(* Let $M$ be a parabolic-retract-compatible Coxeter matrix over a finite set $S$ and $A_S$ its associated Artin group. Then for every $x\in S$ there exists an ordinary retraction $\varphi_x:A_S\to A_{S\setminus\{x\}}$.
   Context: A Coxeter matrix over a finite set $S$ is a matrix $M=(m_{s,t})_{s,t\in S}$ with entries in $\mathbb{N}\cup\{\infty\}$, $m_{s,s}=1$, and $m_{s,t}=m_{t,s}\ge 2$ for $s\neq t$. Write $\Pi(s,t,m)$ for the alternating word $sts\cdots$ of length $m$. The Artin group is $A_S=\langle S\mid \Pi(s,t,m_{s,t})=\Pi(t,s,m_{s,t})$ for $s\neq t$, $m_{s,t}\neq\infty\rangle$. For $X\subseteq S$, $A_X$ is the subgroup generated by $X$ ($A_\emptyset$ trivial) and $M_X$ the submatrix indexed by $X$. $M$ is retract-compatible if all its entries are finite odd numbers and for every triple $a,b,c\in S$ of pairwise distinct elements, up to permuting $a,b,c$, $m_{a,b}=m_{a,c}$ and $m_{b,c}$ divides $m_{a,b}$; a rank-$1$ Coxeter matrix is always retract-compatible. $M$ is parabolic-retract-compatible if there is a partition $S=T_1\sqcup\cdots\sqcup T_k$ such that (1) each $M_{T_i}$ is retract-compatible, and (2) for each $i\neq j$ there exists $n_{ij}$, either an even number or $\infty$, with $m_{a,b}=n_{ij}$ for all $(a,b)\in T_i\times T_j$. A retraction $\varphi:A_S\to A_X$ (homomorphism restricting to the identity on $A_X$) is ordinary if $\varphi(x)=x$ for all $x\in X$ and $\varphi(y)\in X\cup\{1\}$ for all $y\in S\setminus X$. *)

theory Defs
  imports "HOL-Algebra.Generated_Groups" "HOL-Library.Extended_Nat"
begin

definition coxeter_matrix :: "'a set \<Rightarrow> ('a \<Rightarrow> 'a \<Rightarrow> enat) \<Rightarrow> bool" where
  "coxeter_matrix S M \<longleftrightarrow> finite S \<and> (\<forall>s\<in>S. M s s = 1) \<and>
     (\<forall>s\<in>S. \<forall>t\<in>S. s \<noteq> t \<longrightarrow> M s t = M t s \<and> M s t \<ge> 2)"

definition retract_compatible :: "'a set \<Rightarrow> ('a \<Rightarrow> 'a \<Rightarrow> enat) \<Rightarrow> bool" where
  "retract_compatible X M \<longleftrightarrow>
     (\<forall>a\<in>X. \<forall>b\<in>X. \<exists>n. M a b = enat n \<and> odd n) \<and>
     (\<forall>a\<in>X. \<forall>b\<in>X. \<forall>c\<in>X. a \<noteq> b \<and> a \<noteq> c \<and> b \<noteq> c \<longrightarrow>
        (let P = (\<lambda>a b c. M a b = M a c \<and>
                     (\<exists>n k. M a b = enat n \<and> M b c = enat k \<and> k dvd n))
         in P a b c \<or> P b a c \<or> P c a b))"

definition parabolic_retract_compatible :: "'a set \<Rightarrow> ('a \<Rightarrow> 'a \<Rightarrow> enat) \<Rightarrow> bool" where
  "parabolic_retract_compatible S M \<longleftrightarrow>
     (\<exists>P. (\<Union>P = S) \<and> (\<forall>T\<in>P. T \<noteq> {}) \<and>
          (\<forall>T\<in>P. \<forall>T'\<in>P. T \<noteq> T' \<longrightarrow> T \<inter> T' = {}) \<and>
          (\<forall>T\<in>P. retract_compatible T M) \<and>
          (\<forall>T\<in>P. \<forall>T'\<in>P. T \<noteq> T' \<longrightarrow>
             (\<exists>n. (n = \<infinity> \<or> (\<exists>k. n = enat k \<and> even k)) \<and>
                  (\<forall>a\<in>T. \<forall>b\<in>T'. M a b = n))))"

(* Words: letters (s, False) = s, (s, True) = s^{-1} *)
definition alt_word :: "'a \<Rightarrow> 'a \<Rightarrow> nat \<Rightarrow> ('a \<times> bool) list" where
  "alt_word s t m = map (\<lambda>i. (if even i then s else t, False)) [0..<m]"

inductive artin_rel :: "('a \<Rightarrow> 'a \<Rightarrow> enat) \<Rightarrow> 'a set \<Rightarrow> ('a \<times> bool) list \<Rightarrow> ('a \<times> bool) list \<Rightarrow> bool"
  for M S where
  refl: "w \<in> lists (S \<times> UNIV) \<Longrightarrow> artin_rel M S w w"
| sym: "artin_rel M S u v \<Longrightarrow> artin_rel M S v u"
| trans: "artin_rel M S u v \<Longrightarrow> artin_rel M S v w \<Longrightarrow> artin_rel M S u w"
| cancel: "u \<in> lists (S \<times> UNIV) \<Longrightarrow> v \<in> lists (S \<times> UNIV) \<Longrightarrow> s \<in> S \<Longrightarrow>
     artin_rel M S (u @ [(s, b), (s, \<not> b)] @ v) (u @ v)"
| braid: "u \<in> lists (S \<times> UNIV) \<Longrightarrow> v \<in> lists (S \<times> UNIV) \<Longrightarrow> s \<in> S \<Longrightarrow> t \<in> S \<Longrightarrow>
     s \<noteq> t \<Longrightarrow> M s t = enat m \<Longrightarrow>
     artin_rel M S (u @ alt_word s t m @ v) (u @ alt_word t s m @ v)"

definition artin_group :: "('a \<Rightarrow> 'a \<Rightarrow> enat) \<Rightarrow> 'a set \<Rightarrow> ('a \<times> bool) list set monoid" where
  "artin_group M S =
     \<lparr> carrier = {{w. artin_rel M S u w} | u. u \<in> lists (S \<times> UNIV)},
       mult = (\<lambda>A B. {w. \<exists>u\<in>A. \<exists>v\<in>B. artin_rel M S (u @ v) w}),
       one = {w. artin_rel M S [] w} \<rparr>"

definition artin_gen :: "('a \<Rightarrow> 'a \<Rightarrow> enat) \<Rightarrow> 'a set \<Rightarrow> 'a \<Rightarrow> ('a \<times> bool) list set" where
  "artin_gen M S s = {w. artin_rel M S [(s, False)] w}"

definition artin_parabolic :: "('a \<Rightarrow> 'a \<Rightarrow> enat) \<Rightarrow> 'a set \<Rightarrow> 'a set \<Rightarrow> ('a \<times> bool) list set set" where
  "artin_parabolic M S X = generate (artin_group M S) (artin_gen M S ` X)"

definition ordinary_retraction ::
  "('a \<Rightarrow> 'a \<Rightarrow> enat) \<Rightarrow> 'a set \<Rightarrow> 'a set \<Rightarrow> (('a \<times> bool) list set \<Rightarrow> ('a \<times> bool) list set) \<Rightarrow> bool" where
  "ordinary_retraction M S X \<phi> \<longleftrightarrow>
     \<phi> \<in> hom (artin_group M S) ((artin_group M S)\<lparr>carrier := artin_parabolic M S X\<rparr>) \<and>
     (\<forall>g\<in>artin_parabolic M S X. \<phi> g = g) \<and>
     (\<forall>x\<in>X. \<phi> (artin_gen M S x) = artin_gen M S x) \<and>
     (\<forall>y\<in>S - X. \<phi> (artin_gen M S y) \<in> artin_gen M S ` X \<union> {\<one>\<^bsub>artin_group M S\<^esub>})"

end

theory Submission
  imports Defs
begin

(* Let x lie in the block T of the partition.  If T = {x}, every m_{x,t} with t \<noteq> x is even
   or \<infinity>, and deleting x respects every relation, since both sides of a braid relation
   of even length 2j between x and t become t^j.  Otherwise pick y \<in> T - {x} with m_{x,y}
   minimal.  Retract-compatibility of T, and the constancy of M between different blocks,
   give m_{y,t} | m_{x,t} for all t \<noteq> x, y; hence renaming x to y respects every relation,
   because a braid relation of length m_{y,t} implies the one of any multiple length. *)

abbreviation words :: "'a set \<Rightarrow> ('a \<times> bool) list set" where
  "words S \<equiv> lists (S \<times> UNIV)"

----------------------------------------

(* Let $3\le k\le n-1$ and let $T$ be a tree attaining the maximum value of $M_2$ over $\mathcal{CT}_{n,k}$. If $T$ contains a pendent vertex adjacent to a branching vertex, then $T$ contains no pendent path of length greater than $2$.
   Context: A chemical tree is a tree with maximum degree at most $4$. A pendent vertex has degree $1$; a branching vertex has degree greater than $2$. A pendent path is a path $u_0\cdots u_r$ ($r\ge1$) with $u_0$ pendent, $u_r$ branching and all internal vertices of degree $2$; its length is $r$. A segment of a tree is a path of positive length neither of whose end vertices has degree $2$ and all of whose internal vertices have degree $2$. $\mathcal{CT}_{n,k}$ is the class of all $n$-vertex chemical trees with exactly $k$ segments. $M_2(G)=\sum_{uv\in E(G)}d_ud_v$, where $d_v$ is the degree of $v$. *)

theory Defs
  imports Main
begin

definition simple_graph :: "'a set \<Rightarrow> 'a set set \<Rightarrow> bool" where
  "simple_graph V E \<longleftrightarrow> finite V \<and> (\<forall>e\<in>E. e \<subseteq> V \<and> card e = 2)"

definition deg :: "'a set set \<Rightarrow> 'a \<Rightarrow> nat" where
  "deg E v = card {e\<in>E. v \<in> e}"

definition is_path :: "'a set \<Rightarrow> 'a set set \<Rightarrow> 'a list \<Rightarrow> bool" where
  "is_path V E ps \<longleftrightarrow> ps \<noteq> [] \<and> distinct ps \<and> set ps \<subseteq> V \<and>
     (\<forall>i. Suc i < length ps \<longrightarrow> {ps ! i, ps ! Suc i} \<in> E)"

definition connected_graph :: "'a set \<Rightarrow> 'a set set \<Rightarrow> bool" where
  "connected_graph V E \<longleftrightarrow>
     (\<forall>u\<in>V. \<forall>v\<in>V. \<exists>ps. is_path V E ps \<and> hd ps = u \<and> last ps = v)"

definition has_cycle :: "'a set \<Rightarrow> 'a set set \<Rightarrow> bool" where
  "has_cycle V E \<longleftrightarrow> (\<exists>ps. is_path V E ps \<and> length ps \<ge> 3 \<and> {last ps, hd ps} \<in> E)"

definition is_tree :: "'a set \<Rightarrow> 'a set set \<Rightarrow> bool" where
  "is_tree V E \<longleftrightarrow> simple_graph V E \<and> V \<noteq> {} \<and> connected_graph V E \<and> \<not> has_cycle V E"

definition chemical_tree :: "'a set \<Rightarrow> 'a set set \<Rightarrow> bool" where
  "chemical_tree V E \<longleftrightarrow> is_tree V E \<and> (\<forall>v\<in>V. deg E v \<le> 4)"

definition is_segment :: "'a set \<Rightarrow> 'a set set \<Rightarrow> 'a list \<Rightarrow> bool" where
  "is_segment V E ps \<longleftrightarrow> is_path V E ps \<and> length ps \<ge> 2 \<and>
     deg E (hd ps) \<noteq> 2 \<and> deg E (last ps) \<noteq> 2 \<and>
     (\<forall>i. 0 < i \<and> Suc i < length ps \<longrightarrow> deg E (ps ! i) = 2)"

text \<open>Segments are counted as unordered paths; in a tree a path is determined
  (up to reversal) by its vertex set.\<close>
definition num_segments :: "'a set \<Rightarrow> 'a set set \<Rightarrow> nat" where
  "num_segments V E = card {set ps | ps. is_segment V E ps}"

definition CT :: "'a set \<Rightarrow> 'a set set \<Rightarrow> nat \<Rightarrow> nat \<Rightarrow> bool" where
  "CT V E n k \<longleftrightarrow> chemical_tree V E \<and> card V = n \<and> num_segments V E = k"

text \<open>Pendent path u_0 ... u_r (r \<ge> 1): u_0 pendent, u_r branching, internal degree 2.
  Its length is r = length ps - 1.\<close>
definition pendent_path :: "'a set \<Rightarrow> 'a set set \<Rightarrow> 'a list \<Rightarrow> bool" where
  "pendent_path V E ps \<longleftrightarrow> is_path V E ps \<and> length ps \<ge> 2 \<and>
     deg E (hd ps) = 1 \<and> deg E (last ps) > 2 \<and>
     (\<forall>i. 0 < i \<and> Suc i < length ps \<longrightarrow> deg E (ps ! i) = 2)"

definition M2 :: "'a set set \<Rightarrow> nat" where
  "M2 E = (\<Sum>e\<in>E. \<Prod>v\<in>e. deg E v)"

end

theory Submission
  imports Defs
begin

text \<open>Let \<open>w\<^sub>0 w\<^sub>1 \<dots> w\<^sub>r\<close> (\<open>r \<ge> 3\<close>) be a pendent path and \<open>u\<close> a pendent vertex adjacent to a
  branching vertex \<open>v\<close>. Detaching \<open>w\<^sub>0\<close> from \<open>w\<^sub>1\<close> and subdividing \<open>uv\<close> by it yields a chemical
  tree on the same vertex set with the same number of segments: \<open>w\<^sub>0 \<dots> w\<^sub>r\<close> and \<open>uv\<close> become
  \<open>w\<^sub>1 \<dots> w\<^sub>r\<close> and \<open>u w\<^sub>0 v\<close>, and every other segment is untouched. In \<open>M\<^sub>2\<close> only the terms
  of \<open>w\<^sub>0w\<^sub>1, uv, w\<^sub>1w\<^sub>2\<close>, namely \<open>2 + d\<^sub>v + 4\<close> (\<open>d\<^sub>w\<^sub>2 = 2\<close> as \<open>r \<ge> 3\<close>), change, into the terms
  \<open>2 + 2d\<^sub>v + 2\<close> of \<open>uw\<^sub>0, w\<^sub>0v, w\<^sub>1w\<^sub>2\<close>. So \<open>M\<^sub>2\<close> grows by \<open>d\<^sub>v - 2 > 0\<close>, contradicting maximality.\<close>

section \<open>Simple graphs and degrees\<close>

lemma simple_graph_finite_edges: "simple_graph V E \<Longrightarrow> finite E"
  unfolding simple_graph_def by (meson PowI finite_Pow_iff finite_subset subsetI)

----------------------------------------

PROBLEM STATEMENT » What you give back should be only the lines of the records above, starting at the line with "S X\<rparr>) \<and>" and ending at the line with "(\<forall>x\<in>X. \<phi> (artin_gen", restated word for word.

TASK RESPONSE »
     \<phi> \<in> hom (artin_group M S) ((artin_group M S)\<lparr>carrier := artin_parabolic M S X\<rparr>) \<and>
     (\<forall>g\<in>artin_parabolic M S X. \<phi> g = g) \<and>
     (\<forall>x\<in>X. \<phi> (artin_gen M S x) = artin_gen M S x) \<and>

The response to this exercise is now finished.